I have had people stealing from and downloading my entire website. I have exact copies of it with a few minor changes and them claiming it as thier own. I have put a great amount of time and money into creating it. I am looking for something to lock the pages or encrpt them so they can not be stolen. I understand that if you encrpt the html with a program that your page or website can not be crawled or index. Is this true? Any suggestions on how to protect my work and stil be indexed so my site can be seen? Are there any programs that you would suggest? Thanks!
#18, Caren, United States, 3 February 2008. Reply to this.
first off great site, I've stumbled upon you many times in the past and have always found great info here.
secondly can you help me with this problem:
I'm trying to disallow a directory /clients/ but allow only one file in the directory /clients/index.php
is this possible with
allow /clients/index.php
disallow /clients
does it matter the order or will this just not work at all.
brent
@
<a href="http://www.mimoymima.com">mimoymima.com</a>
#19, Brent Lagerman, United States, 7 April 2008. Reply to this.
caren, google ".htaccess rippers". It's another file you put in your root, it stops bad boys ripping off your site.
#20, johan, United Kingdom, 13 June 2008. Reply to this.
Thanks for this article. Now I'm ready to make my own robots.txt. Just because I'm curious: can someone answer the question of brent?
#21, Christian, Austria, 6 April 2009. Reply to this.
I just made a site with some amazon ads on it which are iframes (and they don't validate). Do they hurt my site ranking? And if so how can I use a robot.txt file to tell them not to index the iframe?
Sorry if this is a dumb question I am a total newbie.
#22, Muffy, United States, 23 April 2009. Reply to this.
Great Article!
Simple, understandable and practical.
Thanks!
#23, Ami Daniel, Unknown, 29 May 2009. Reply to this.
Hi, NEW here!

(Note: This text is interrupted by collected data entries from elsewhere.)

lemma edge_faces:
  assumes "e \<in> E"
  obtains f1 f2 where "{f \<in> F. e \<in> face_edges f} = {f1, f2}" "f1 \<noteq> f2"
  using card_edge_faces[OF assms] by (meson card_2_iff)

lemma edge_in_face:
  assumes "e \<in> E"
  obtains f where "f \<in> F" "e \<in> face_edges f"
proof -
  obtain f1 f2 where "{f \<in> F. e \<in> face_edges f} = {f1, f2}" by (rule edge_faces[OF assms])
  then have "f1 \<in> {f \<in> F. e \<in> face_edges f}" by simp
  then show ?thesis using that by blast
qed

lemma vertex_linkE:
  assumes "(e1, e2) \<in> vertex_link F v"
  obtains f where "f \<in> F" "{e1, e2} \<in> f" "e1 \<noteq> e2" "v \<in> e1" "v \<in> e2" "e1 \<in> E" "e2 \<in> E"
proof -
  obtain f where f: "f \<in> F" "{e1, e2} \<in> f" "e1 \<noteq> e2" "v \<in> e1" "v \<in> e2"
    using assms unfolding vertex_link_def by blast
  obtain a b where ab: "{e1, e2} = {a, b}" "a \<in> E" "b \<in> E"
    using corner_edges[OF f(1,2)] by metis
  have "e1 \<in> {a, b}" "e2 \<in> {a, b}" using ab(1) by (metis insertI1, metis insertI1 insert_commute)
  then have "e1 \<in> E" "e2 \<in> E" using ab by auto
  then show ?thesis using that f by blast
qed

lemma img_edge_doubleton: "img_edge g {a, b} = {g a, g b}"
  unfolding img_edge_def by simp

lemma img_edge_in_face_edges: "e \<in> face_edges f \<Longrightarrow> img_edge g e \<in> face_edges (img_face g f)"
  unfolding face_edges_def img_face_def by blast

lemma aut_face: "g \<in> Aut \<Longrightarrow> f \<in> F \<Longrightarrow> img_face g f \<in> F"
  unfolding map_aut_def by blast

lemma aut_id: "id \<in> Aut"
proof -
  have e: "img_edge id = id" and f: "img_face id = id" unfolding img_face_def img_edge_def by auto
  show ?thesis unfolding map_aut_def by (simp add: e f)
qed

lemma aut_comp:
  assumes g: "g \<in> Aut" and h: "h \<in> Aut"
  shows "g \<circ> h \<in> Aut"
proof -
  have e: "img_edge (g \<circ> h) = img_edge g \<circ> img_edge h"
    unfolding img_edge_def by (auto simp: image_comp)
  have f: "img_face (g \<circ> h) = img_face g \<circ> img_face h"
    unfolding img_face_def e by (auto simp: image_comp)
  have g1: "bij_betw g V V" "img_edge g ` E = E" "img_face g ` F = F" "\<forall>x. x \<notin> V \<longrightarrow> g x = x"
    using g unfolding map_aut_def by auto
  have h1: "bij_betw h V V" "img_edge h ` E = E" "img_face h ` F = F" "\<forall>x. x \<notin> V \<longrightarrow> h x = x"
    using h unfolding map_aut_def by auto
  have "img_edge (g \<circ> h) ` E = E" "img_face (g \<circ> h) ` F = F"
    unfolding e f image_comp[symmetric] using g1 h1 by simp_all
  moreover have "bij_betw (g \<circ> h) V V" by (rule bij_betw_trans[OF h1(1) g1(1)])
  ultimately show ?thesis unfolding map_aut_def using g1 h1 by simp
qed

definition aut_inv :: "('v \<Rightarrow> 'v) \<Rightarrow> 'v \<Rightarrow> 'v" where
  "aut_inv g x = (if x \<in> V then inv_into V g x else x)"

lemma aut_inv:
  assumes g: "g \<in> Aut"
  shows "aut_inv g \<in> Aut" and "g \<circ> aut_inv g = id"
proof -
  have b: "bij_betw g V V" and ie: "img_edge g ` E = E" and if': "img_face g ` F = F"
    and out: "\<And>x. x \<notin> V \<Longrightarrow> g x = x" using g unfolding map_aut_def by auto
  have gv: "\<And>x. x \<in> V \<Longrightarrow> g x \<in> V" using b bij_betwE by blast
  have l: "\<And>x. x \<in> V \<Longrightarrow> aut_inv g (g x) = x" unfolding aut_inv_def using b gv
    by (simp add: bij_betw_inv_into_left)
  have r: "\<And>x. x \<in> V \<Longrightarrow> g (aut_inv g x) = x" unfolding aut_inv_def using b
    by (simp add: bij_betw_inv_into_right)
  show "g \<circ> aut_inv g = id"
  proof
    fix x show "(g \<circ> aut_inv g) x = id x" using r out by (cases "x \<in> V") (auto simp: aut_inv_def)
  qed
  have bi: "bij_betw (aut_inv g) V V"
  proof -
    have "bij_betw (inv_into V g) V V" using b by (rule bij_betw_inv_into)
    moreover have "\<And>x. x \<in> V \<Longrightarrow> aut_inv g x = inv_into V g x" unfolding aut_inv_def by simp
    ultimately show ?thesis using bij_betw_cong by blast
  qed
  have le: "img_edge (aut_inv g) (img_edge g e) = e" if e: "e \<in> E" for e
  proof -
    have "e \<subseteq> V" using edge_subset e by blast
    then show ?thesis unfolding img_edge_def using l by (force simp: image_comp)
  qed
  have lf: "img_face (aut_inv g) (img_face g f) = f" if f: "f \<in> F" for f
  proof -
    have "\<forall>c\<in>f. \<forall>e\<in>c. e \<in> E" using corner_edges[OF f] by blast
    then have "\<forall>c\<in>f. img_edge (aut_inv g) ` (img_edge g ` c) = c"
      using le by (force simp: image_comp)
    then show ?thesis unfolding img_face_def by (force simp: image_comp)
  qed
  have "img_edge (aut_inv g) ` E = img_edge (aut_inv g) ` img_edge g ` E" using ie by simp
  also have "\<dots> = E" using le by (force simp: image_comp)
  finally have "img_edge (aut_inv g) ` E = E" .
  moreover have "img_face (aut_inv g) ` F = img_face (aut_inv g) ` img_face g ` F" using if' by simp
  moreover have "\<dots> = F" using lf by (force simp: image_comp)
  ultimately show "aut_inv g \<in> Aut" unfolding map_aut_def using bi by (auto simp: aut_inv_def)
qed

lemma flag0_edge: "x \<noteq> y \<Longrightarrow> flag0 (x, {x, y}, f) = (y, {x, y}, f)"
  unfolding flag0_def by (auto intro: the_equality)

lemma flag1_corner:
  assumes f: "f \<in> F" and c: "{e1, e2} \<in> f" and ne: "e1 \<noteq> e2" and x: "x \<in> e1" "x \<in> e2"
  shows "flag1 (x, e1, f) = (x, e2, f)"
proof -
  have fe: "e1 \<in> face_edges f" using c unfolding face_edges_def by blast
  have "(THE e'. {e1, e'} \<in> f \<and> e' \<noteq> e1 \<and> x \<in> e') = e2"
  proof (rule the_equality)
    show "{e1, e2} \<in> f \<and> e2 \<noteq> e1 \<and> x \<in> e2" using c ne x by auto
  next
    fix e' assume h: "{e1, e'} \<in> f \<and> e' \<noteq> e1 \<and> x \<in> e'"
    have "{e1, e'} = {e1, e2}" by (rule corner_unique[OF f fe x(1)]) (use h c x in auto)
    then show "e' = e2" using h ne by (metis doubleton_eq_iff)
  qed
  then show ?thesis unfolding flag1_def by simp
qed
(* There exists a constant $C_{\rm lip}>0$, depending only on the shape-regularity of the family $\{\mathcal{T}_h\}_{h>0}$ and on $p$ (in particular independent of $h$ and of $\gamma_0$), such that for all $v_h,w_h,z_h\in\mathcal{V}_h$, $$|d_h(v_h;v_h,z_h)-d_h(w_h;w_h,z_h)|\le C_{\rm lip}\,\gamma_0\,h\,|v_h-w_h|_{1,\Omega}\,|z_h|_{1,\Omega}.$$
   Context: Let $\Omega\subset\mathbb{R}^2$ be an open bounded polygonal domain with Lipschitz boundary and $\{\mathcal{T}_h\}_{h>0}$ a shape-regular family of conforming triangulations of $\Omega$ into triangles $K$, $h_K=\mathrm{diam}(K)$, $h=\max_K h_K$, nodes $x_1,\dots,x_N$. $\mathcal{V}_h=\{\chi\in H^1(\Omega):\chi|_K\in\mathbb{P}_1(K)\ \forall K\}$. $\mathcal{E}_h$ is the set of interior edges; for $E\in\mathcal{E}_h$, $h_E=|E|$, $\mathbf t$ a fixed unit tangent vector on $E$ and $\partial_{\mathbf t}$ the tangential derivative. For a node $x_i$, $S_i=\{j\neq i: x_j\text{ shares an interior edge with }x_i\}$. For $w_h\in\mathcal{V}_h$, $\xi_{w_h}\in\mathcal{V}_h$ has nodal values $\xi_{w_h}(x_i)=\big|\sum_{j\in S_i}(w_h(x_i)-w_h(x_j))\big|\big/\sum_{j\in S_i}|w_h(x_i)-w_h(x_j)|$ if the denominator is nonzero and $0$ otherwise. Fix $p\in[1,\infty)$ and $\gamma_0>0$; $\alpha_E(w_h):=\max_{x\in E}[\xi_{w_h}(x)]^p$, and $$d_h(w_h;u_h,v_h)=\sum_{E\in\mathcal{E}_h}\gamma_0\,h_E^2\,\alpha_E(w_h)\int_E\partial_{\mathbf t}u_h\,\partial_{\mathbf t}v_h\,ds.$$ $|\cdot|_{1,\Omega}$ is the $H^1(\Omega)$ seminorm. *)

theory Defs
  imports "HOL-Analysis.Analysis"
begin

type_synonym pt = "real \<times> real"

definition rot90 :: "pt \<Rightarrow> pt" where
  "rot90 e = (- snd e, fst e)"

definition lipschitz_boundary :: "pt set \<Rightarrow> bool" where
  "lipschitz_boundary \<Omega> \<longleftrightarrow>
     (\<forall>x\<in>frontier \<Omega>. \<exists>r>0. \<exists>e::pt. norm e = 1 \<and>
        (\<exists>L (g::real \<Rightarrow> real). lipschitz_on L UNIV g \<and>
           (\<forall>y\<in>ball x r. y \<in> \<Omega> \<longleftrightarrow> y \<bullet> e > g (y \<bullet> rot90 e))))"

text \<open>A mesh element is given by its vertex set V (3 affinely independent points);
  the triangle is K = convex hull V.\<close>
definition conforming_triangulation :: "pt set \<Rightarrow> pt set set \<Rightarrow> bool" where
  "conforming_triangulation \<Omega> T \<longleftrightarrow>
     finite T \<and> T \<noteq> {} \<and>
     (\<forall>V\<in>T. card V = 3 \<and> \<not> affine_dependent V) \<and>
     (\<Union>V\<in>T. convex hull V) = closure \<Omega> \<and>
     (\<forall>V\<in>T. \<forall>V'\<in>T. V \<noteq> V' \<longrightarrow> convex hull V \<inter> convex hull V' = convex hull (V \<inter> V'))"

definition inball_diam :: "pt set \<Rightarrow> real" where
  "inball_diam K = 2 * Sup {r. \<exists>c. cball c r \<subseteq> K}"

definition shape_regular :: "real \<Rightarrow> pt set set \<Rightarrow> bool" where
  "shape_regular \<sigma> T \<longleftrightarrow>
     (\<forall>V\<in>T. diameter (convex hull V) \<le> \<sigma> * inball_diam (convex hull V))"

definition mesh_size :: "pt set set \<Rightarrow> real" where
  "mesh_size T = Max ((\<lambda>V. diameter (convex hull V)) ` T)"

definition mesh_nodes :: "pt set set \<Rightarrow> pt set" where
  "mesh_nodes T = \<Union>T"

definition P1_space :: "pt set set \<Rightarrow> (pt \<Rightarrow> real) set" where
  "P1_space T = {u. \<forall>V\<in>T. \<exists>c (g::pt). \<forall>x\<in>convex hull V. u x = c + g \<bullet> x}"

definition interior_edges :: "pt set \<Rightarrow> pt set set \<Rightarrow> pt set set" where
  "interior_edges \<Omega> T =
     {{a, b} | a b. a \<noteq> b \<and> (\<exists>V\<in>T. a \<in> V \<and> b \<in> V) \<and> open_segment a b \<subseteq> \<Omega>}"

definition edge_ends :: "pt set \<Rightarrow> pt \<times> pt" where
  "edge_ends E = (SOME ab. E = {fst ab, snd ab} \<and> fst ab \<noteq> snd ab)"

definition edge_length :: "pt set \<Rightarrow> real" where
  "edge_length E = dist (fst (edge_ends E)) (snd (edge_ends E))"

definition edge_tangent :: "pt set \<Rightarrow> pt" where
  "edge_tangent E = (let (a, b) = edge_ends E in (1 / norm (b - a)) *\<^sub>R (b - a))"

definition tderiv :: "(pt \<Rightarrow> real) \<Rightarrow> pt \<Rightarrow> pt \<Rightarrow> real" where
  "tderiv u t x = vector_derivative (\<lambda>s. u (x + s *\<^sub>R t)) (at 0)"

definition edge_integral :: "pt set \<Rightarrow> (pt \<Rightarrow> real) \<Rightarrow> real" where
  "edge_integral E f = (let (a, b) = edge_ends E in
     dist a b * integral {0..1} (\<lambda>s. f (a + s *\<^sub>R (b - a))))"

definition neighbours :: "pt set \<Rightarrow> pt set set \<Rightarrow> pt \<Rightarrow> pt set" where
  "neighbours \<Omega> T x = {y \<in> mesh_nodes T. y \<noteq> x \<and> {x, y} \<in> interior_edges \<Omega> T}"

I was just poking around, did a site Optimization, Meta Tag Checker, ect...then, heard of the ROBOT FILE...
Can anyone help me write this, or one, that is? And where would I put it first, then to add to site. Hope I worded this right...to anyone out there!!!
Thanks!
#24, Jan, US, 4 April 2010. Reply to this.
You can prevent search engines from crawling into iframes by adding the following line(s) in your robots.txt file:
Disallow: http://www.example.com/ExamplePage.htm
Replies: #26.
#25, KG Karaoke, USA, 7 September 2010. Reply to this.
Do I still need a robots.txt file if I already use a WordPress plugin such as WordPress SEO by Yoast? I'm never sure of how much (if at all) this overrides what you can do with robots.txt.
#26, Katie Keith, United Kingdom, 20 December 2012. Reply to this.